MADU PILIHAN ISTRIKU (RUBBY)

MADU PILIHAN ISTRIKU (RUBBY)
Mertua yang anggun namun kejam


__ADS_3

Pov Rubby.


Aku, adalah orang yang sering mengalami masalah tidur, terutama saat aku belum beradaptasi dengan tempat baru. Contohnya disini, dirumah Tuan Edra. Aku begitu sulit memejam kan mataku, dan nyaris tak tidur semalaman,hingga membuat mata ku bengkak. 


Hingga adzan subuh berkumandang, aku langsung bangun dari tempat tidur dan mengambil air wudhu untuk menunai kan shalat subuh ku.

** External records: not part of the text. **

(* Let $G$ be a compact group with Haar probability measure $\lambda$ and let $y\in G$. Let $\nu_y=s_y[\lambda]$ be the image of $\lambda$ under $s_y\colon G\to G\times G$, $s_y(x)=(x,x\oplus y)$. Then for every Borel rectangle $A\times B\subseteq G\times G$, $$\nu_y(A\times B)=\lim_{\mathcal E\in\mathcal B}\nu_{y,\mathcal E}(A\times B),$$ and consequently the net $\{\nu_{y,\mathcal E}\}_{\mathcal E\in\mathcal B}$ converges to $\nu_y$ in the weak$^\ast$ topology of $P(G\times G)$.
   Context: $G=(G,\oplus)$ is a compact Hausdorff group with Haar probability measure $\lambda$; $E\oplus y=\{e\oplus y:e\in E\}$. $\mathcal B$ is the set of all finite partitions of $G$ into Borel sets, directed by refinement ($\mathcal E_1\prec\mathcal E_2$ if $\mathcal E_2$ is finer than $\mathcal E_1$). For $\mathcal E\in\mathcal B$, $\mathcal E^\ast$ is the set of $E\in\mathcal E$ with $\lambda(E)>0$. $\lambda_2$ is the regular Borel extension of $\lambda\otimes\lambda$ on $G\times G$, and $\nu_{y,\mathcal E}(D)=\sum_{E\in\mathcal E^\ast}\lambda_2\big(D\cap(E\times(E\oplus y))\big)/\lambda(E)$ for Borel $D\subseteq G\times G$. $P(X)$ is the space of regular Borel probability measures on $X$ with the weak$^\ast$ topology (as a subset of $\mathcal C(X)^\ast$). The image measure is $g[\mu](A)=\mu(g^{-1}[A])$. *)

theory Defs
  imports "HOL-Probability.Probability"
begin

text \<open>A compact Hausdorff group is modelled as a type of class topological_group_add
  (a possibly non-commutative group with continuous operations), t2_space, with UNIV compact.
  The group operation x \<oplus> y is written x + y.\<close>

definition regular_measure :: "'b::topological_space measure \<Rightarrow> bool" where
  "regular_measure M \<longleftrightarrow>
     (\<forall>A\<in>sets borel.
        emeasure M A = (INF U\<in>{U. open U \<and> A \<subseteq> U}. emeasure M U) \<and>
        emeasure M A = (SUP K\<in>{K. compact K \<and> K \<subseteq> A}. emeasure M K))"

definition haar_prob :: "'a::topological_group_add measure \<Rightarrow> bool" where
  "haar_prob M \<longleftrightarrow> sets M = sets borel \<and> prob_space M \<and> regular_measure M \<and>
     (\<forall>A\<in>sets borel. \<forall>x. emeasure M ((\<lambda>a. x + a) ` A) = emeasure M A)"

definition rtrans :: "'a::plus set \<Rightarrow> 'a \<Rightarrow> 'a set" where
  "rtrans E y = (\<lambda>e. e + y) ` E"

definition borel_partitions :: "'a::topological_space set set set" where
  "borel_partitions = {P. finite P \<and> P \<subseteq> sets borel \<and> {} \<notin> P \<and> \<Union>P = UNIV \<and>
      (\<forall>E\<in>P. \<forall>F\<in>P. E \<noteq> F \<longrightarrow> E \<inter> F = {})}"

definition refines :: "'a set set \<Rightarrow> 'a set set \<Rightarrow> bool" where
  "refines Q P \<longleftrightarrow> (\<forall>F\<in>Q. \<exists>E\<in>P. F \<subseteq> E)"

text \<open>The filter of the net indexed by the directed set of partitions (tails of the net).\<close>
definition partition_net :: "'a::topological_space set set filter" where
  "partition_net = (INF P\<in>borel_partitions. principal {Q\<in>borel_partitions. refines Q P})"

definition regular_product_extension :: "'a::topological_space measure \<Rightarrow> ('a \<times> 'a) measure \<Rightarrow> bool" where
  "regular_product_extension M L2 \<longleftrightarrow> sets L2 = sets borel \<and> finite_measure L2 \<and> regular_measure L2 \<and>
     (\<forall>A\<in>sets borel. \<forall>B\<in>sets borel. emeasure L2 (A \<times> B) = emeasure M A * emeasure M B)"

definition nu_part :: "'a::{topological_space,plus} measure \<Rightarrow> ('a \<times> 'a) measure \<Rightarrow> 'a \<Rightarrow> 'a set set \<Rightarrow> ('a \<times> 'a) measure" where
  "nu_part M L2 y P = measure_of UNIV (sets borel)
     (\<lambda>D. \<Sum>E\<in>{E\<in>P. emeasure M E > 0}. emeasure L2 (D \<inter> (E \<times> rtrans E y)) / emeasure M E)"

definition nu_diag :: "'a::{topological_space,plus} measure \<Rightarrow> 'a \<Rightarrow> ('a \<times> 'a) measure" where
  "nu_diag M y = distr M borel (\<lambda>x. (x, x + y))"

end

theory Submission
  imports Defs
begin

text \<open>For a Borel rectangle \<open>A \<times> B\<close> the defining sum of \<open>\<nu>\<^sub>y\<^sub>,\<^sub>\<E>(A \<times> B)\<close> has the terms
  \<open>\<lambda>(A \<inter> E) \<lambda>(B \<inter> (E \<oplus> y)) / \<lambda>(E)\<close>. As soon as \<open>\<E>\<close> refines the partition generated by \<open>A\<close>
  and \<open>B \<ominus> y\<close>, each block \<open>E\<close> either lies in \<open>A \<inter> (B \<ominus> y)\<close>, and then contributes
  \<open>\<lambda>(E) \<lambda>(E \<oplus> y) / \<lambda>(E) = \<lambda>(E)\<close> by right invariance of \<open>\<lambda>\<close>, or contributes nothing. So the net
  is eventually constant, equal to \<open>\<lambda>(A \<inter> (B \<ominus> y)) = \<nu>\<^sub>y(A \<times> B)\<close>.
  Right invariance is not part of the definition of a Haar measure: it follows from invariance
  under inversion, which is obtained by Fubini's theorem for continuous functions and extended
  to Borel sets by Urysohn's lemma and regularity.
  Weak\<open>\<^sup>*\<close> convergence then follows because a continuous function on the compact space
  \<open>G \<times> G\<close> is a uniform limit of step functions on rectangles \<open>E \<times> F\<close> built from a single finite
  Borel partition.\<close>

lemma compact_Hausdorff_Urysohn:
  fixes K U :: "'a::t2_space set"
  assumes "compact (UNIV :: 'a set)" "compact K" "open U" "K \<subseteq> U"
  obtains f :: "'a \<Rightarrow> real" where "continuous_on UNIV f" "\<And>x. 0 \<le> f x" "\<And>x. f x \<le> 1"
    "\<And>x. x \<in> K \<Longrightarrow> f x = 1" "\<And>x. x \<notin> U \<Longrightarrow> f x = 0"
proof -
  have "compact_space (euclidean :: 'a topology)"
    using assms(1) by (simp add: compact_space_def)
  moreover have "Hausdorff_space (euclidean :: 'a topology)"
    by (metis Hausdorff_space_def disjnt_def hausdorff open_openin)
  ultimately have "normal_space (euclidean :: 'a topology)"
    by (blast intro: compact_Hausdorff_or_regular_imp_normal_space)
  then obtain f where f: "continuous_map euclidean (top_of_set {0..1::real}) f"
    "f ` (- U) \<subseteq> {0}" "f ` K \<subseteq> {1}"
    by (rule Urysohn_lemma[of _ "- U" K 0 1])
       (use assms compact_imp_closed[OF assms(2)] in \<open>auto simp: closed_def disjnt_def\<close>)
  have "continuous_on UNIV f"
    using f(1) by (metis continuous_map_in_subtopology continuous_map_iff_continuous subtopology_UNIV)
  moreover have "\<And>x. f x \<in> {0..1}"
    using f(1) by (auto simp: continuous_map_def)
  ultimately show ?thesis
    using f by (intro that) (force simp: image_subset_iff)+
qed

lemma borel_measurable_continuous_on_UNIV:
  "continuous_on UNIV f \<Longrightarrow> sets M = sets borel \<Longrightarrow> f \<in> borel_measurable M"
  using borel_measurable_continuous_onI measurable_cong_sets by blast

lemma integrable_continuous_compact_UNIV:
  fixes f :: "'b::topological_space \<Rightarrow> real"
  assumes "finite_measure M" "compact (UNIV :: 'b set)" "continuous_on UNIV f"
    and "f \<in> borel_measurable M"
  shows "integrable M f"
proof -
  have "bounded (range f)"
    using assms(2,3) by (intro compact_imp_bounded compact_continuous_image)
  then obtain B where "\<And>x. norm (f x) \<le> B"
    by (auto simp: bounded_iff)
  then show ?thesis
    using assms(1,4) by (intro finite_measure.integrable_const_bound[of _ _ B]) auto
qed

lemma (in prob_space) abs_integral_diff_le:
  fixes f g :: "'a \<Rightarrow> real"
  assumes "integrable M f" "integrable M g" "\<And>x. \<bar>f x - g x\<bar> \<le> e"
  shows "\<bar>integral\<^sup>L M f - integral\<^sup>L M g\<bar> \<le> e"
proof -
  have "\<bar>integral\<^sup>L M f - integral\<^sup>L M g\<bar> = \<bar>\<integral>x. f x - g x \<partial>M\<bar>"
    using assms by simp
  also have "\<dots> \<le> (\<integral>x. \<bar>f x - g x\<bar> \<partial>M)"
    using integral_norm_bound[of M "\<lambda>x. f x - g x"] by simp
  also have "\<dots> \<le> e"
    using assms by (intro integral_le_const) auto
  finally show ?thesis .
qed

lemma image_add_left_eq_vimage: "(\<lambda>a. c + a) ` A = (\<lambda>x. - c + x) -` (A :: 'a::group_add set)"
  by (force simp: add.assoc[symmetric])

lemma image_add_right_eq_vimage: "(\<lambda>a. a + c) ` A = (\<lambda>x. x + - c) -` (A :: 'a::group_add set)"
  by (force simp: add.assoc)

lemma image_uminus_eq_vimage: "uminus ` A = uminus -` (A :: 'a::group_add set)"
  by (force simp: image_iff)

lemma rtrans_uminus: "rtrans B (- y) = {x. x + y \<in> (B :: 'a::group_add set)}"
  unfolding rtrans_def image_add_right_eq_vimage by (simp add: vimage_def)

lemma Int_rtrans: "B \<inter> rtrans E y = rtrans (E \<inter> rtrans B (- y)) (y :: 'a::group_add)"
  unfolding rtrans_uminus by (auto simp: rtrans_def)

lemma sets_borel_image_add_left:
  "A \<in> sets borel \<Longrightarrow> (\<lambda>a. c + a) ` A \<in> sets (borel :: 'a::topological_group_add measure)"
  unfolding image_add_left_eq_vimage
  by (intro measurable_sets_borel[of _ borel] borel_measurable_continuous_onI continuous_intros)

lemma sets_borel_rtrans:
  "E \<in> sets borel \<Longrightarrow> rtrans E y \<in> sets (borel :: 'a::topological_group_add measure)"
  unfolding rtrans_def image_add_right_eq_vimage
  by (intro measurable_sets_borel[of _ borel] borel_measurable_continuous_onI continuous_intros)

lemma sets_borel_image_uminus:
  "A \<in> sets borel \<Longrightarrow> uminus ` A \<in> sets (borel :: 'a::topological_group_add measure)"
  unfolding image_uminus_eq_vimage
  by (intro measurable_sets_borel[of _ borel] borel_measurable_continuous_onI continuous_intros)

section \<open>Finite Borel partitions\<close>

lemma borel_partitionsD:
  assumes "P \<in> borel_partitions"
  shows "finite P" "P \<subseteq> sets borel" "\<exists>E\<in>P. x \<in> E"
    "E \<in> P \<Longrightarrow> F \<in> P \<Longrightarrow> x \<in> E \<Longrightarrow> x \<in> F \<Longrightarrow> E = F"
  using assms unfolding borel_partitions_def by (simp, simp, blast, blast)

Setiap lantunan do'a ku panjatkan untuk orang-orang terkasihku, terutama Almarhum Bang Bagas.


Setelah itu, aku bergegas menghampiri Bu Diana untuk mengecek kondisi tanda-tanda vital tubuhnya.


Segera kulangkahkan kaki keluar kamar,untuk menuju ruang pemeriksaan. Dan ternyata, Bu Diana sudah menunggu ku disana.


" Eh, Ibu sudah disini... Maaf saya telat." Ucapku.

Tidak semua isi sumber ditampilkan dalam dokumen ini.